## AIM OF THE TASK
From the listing below, retype exactly the line holding "with harmonic_le_heatS[OF fin", the line holding "i (snd p)))", and the lines between them; skip everything else.
-=-=-=-=-
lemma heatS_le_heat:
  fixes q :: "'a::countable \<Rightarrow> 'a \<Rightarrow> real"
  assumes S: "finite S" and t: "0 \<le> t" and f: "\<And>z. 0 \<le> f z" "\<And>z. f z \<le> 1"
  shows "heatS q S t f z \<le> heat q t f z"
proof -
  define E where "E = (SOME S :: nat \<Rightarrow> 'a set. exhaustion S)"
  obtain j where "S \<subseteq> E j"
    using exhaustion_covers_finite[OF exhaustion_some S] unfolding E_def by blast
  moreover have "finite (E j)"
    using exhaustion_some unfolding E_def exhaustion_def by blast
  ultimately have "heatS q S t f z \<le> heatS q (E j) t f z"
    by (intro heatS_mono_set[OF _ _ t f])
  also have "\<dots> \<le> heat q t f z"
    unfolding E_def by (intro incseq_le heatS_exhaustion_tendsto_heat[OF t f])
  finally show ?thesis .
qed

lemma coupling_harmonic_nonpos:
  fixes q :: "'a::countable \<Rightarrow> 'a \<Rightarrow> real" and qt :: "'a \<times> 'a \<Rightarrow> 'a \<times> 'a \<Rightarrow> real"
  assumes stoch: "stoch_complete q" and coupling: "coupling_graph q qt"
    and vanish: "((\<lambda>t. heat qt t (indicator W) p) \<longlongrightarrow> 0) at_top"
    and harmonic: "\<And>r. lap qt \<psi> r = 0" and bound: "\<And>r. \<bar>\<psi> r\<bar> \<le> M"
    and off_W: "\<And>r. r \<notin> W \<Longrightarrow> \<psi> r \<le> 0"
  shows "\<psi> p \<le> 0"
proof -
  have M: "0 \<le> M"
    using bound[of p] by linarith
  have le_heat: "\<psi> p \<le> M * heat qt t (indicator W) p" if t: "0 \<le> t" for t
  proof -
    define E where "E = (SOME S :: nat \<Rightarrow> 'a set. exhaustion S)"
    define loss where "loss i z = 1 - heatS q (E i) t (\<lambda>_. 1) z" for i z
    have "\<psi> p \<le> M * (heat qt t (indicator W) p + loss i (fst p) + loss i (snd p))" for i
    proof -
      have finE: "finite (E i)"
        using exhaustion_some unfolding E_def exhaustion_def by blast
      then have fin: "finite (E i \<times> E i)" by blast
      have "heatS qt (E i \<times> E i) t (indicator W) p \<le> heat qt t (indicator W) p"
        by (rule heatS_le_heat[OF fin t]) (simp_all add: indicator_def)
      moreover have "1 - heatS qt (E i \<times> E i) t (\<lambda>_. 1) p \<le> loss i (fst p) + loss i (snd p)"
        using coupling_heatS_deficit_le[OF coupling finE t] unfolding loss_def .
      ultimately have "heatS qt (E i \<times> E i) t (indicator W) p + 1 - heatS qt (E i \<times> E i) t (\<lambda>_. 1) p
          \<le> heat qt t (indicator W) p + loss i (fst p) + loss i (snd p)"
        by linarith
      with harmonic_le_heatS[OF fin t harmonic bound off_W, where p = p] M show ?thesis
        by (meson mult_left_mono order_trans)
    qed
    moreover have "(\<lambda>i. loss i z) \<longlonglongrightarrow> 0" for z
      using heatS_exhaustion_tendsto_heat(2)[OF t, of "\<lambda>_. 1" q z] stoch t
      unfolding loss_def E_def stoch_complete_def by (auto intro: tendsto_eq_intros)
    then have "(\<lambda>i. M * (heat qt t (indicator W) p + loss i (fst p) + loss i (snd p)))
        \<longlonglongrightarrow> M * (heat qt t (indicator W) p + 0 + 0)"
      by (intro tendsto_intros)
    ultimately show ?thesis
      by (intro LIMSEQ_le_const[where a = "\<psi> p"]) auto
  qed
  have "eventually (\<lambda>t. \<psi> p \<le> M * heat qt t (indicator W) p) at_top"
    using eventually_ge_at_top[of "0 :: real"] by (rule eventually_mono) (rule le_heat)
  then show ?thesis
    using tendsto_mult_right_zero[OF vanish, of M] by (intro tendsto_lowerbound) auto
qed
-=-=-=-=-
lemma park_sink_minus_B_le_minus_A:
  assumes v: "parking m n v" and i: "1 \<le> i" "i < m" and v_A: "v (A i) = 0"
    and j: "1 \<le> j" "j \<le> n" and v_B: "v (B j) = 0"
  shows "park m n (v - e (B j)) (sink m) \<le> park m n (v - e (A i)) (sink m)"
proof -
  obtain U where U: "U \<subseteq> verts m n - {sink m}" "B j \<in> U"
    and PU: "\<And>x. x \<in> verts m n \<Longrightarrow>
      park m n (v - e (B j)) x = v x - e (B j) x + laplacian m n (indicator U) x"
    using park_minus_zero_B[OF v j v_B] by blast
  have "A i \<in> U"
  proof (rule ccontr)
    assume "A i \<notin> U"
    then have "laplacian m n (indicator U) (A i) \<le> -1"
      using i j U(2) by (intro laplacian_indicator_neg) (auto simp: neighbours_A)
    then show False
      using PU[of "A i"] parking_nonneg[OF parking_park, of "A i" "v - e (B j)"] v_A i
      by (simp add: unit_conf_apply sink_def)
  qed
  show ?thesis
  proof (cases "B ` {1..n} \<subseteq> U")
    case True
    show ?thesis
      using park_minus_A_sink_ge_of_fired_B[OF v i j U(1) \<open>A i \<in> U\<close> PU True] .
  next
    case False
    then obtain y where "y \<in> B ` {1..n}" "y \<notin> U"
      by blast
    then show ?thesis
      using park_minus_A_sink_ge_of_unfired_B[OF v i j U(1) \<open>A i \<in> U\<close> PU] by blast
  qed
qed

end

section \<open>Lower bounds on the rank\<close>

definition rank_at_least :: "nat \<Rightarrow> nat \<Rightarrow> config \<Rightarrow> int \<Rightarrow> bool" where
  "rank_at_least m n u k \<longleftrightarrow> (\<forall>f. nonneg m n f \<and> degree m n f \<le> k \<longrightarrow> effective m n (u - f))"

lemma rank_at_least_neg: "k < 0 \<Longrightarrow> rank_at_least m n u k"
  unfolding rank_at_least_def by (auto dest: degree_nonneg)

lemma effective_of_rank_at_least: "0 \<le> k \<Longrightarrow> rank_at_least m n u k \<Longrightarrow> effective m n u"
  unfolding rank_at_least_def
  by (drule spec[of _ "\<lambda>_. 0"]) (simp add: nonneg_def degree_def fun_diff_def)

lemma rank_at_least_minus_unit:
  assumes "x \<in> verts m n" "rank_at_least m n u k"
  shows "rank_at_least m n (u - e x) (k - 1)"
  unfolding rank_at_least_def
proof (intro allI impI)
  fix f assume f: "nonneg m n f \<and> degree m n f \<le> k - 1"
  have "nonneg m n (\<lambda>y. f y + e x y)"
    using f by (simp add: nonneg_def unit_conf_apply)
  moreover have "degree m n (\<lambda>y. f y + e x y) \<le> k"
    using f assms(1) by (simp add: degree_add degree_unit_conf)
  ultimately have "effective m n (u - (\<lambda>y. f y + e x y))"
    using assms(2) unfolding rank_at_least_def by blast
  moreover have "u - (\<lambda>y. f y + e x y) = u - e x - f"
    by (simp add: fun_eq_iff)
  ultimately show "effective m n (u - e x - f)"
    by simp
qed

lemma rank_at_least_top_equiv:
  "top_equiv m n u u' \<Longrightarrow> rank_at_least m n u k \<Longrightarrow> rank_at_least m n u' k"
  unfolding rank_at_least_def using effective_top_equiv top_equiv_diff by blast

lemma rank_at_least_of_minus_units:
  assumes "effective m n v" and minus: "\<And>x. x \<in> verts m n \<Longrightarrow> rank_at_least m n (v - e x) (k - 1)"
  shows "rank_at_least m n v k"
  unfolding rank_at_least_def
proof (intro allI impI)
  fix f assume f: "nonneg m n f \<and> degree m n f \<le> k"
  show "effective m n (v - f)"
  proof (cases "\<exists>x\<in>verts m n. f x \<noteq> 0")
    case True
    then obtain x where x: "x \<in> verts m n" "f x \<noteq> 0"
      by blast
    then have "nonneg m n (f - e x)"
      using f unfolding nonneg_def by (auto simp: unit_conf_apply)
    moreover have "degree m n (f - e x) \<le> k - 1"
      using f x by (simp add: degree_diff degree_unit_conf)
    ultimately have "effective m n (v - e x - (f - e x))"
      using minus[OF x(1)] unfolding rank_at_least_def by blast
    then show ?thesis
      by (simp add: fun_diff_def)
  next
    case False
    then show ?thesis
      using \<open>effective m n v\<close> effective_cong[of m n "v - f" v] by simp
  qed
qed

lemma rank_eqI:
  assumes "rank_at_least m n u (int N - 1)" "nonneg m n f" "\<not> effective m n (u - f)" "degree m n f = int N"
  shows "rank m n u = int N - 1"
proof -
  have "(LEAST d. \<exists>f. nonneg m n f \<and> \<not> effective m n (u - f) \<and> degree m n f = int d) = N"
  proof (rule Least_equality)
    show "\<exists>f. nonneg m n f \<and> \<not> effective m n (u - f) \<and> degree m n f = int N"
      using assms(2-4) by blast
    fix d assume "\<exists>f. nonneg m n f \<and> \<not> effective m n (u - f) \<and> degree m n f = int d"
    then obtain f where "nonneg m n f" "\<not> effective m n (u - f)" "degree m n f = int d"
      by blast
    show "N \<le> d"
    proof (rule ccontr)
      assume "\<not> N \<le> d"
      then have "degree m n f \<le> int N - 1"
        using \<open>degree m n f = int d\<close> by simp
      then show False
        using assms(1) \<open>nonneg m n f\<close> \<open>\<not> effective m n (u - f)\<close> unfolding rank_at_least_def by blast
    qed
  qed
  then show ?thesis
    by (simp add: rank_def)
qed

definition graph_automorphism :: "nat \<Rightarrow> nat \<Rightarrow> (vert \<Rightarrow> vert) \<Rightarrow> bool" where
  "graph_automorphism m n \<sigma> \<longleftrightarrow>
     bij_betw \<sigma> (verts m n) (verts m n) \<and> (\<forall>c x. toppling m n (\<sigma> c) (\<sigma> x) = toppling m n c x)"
-=-=-=-=-
## TASK ANSWER
      with harmonic_le_heatS[OF fin t harmonic bound off_W, where p = p] M show ?thesis
        by (meson mult_left_mono order_trans)
    qed
    moreover have "(\<lambda>i. loss i z) \<longlonglongrightarrow> 0" for z
      using heatS_exhaustion_tendsto_heat(2)[OF t, of "\<lambda>_. 1" q z] stoch t
      unfolding loss_def E_def stoch_complete_def by (auto intro: tendsto_eq_intros)
    then have "(\<lambda>i. M * (heat qt t (indicator W) p + loss i (fst p) + loss i (snd p)))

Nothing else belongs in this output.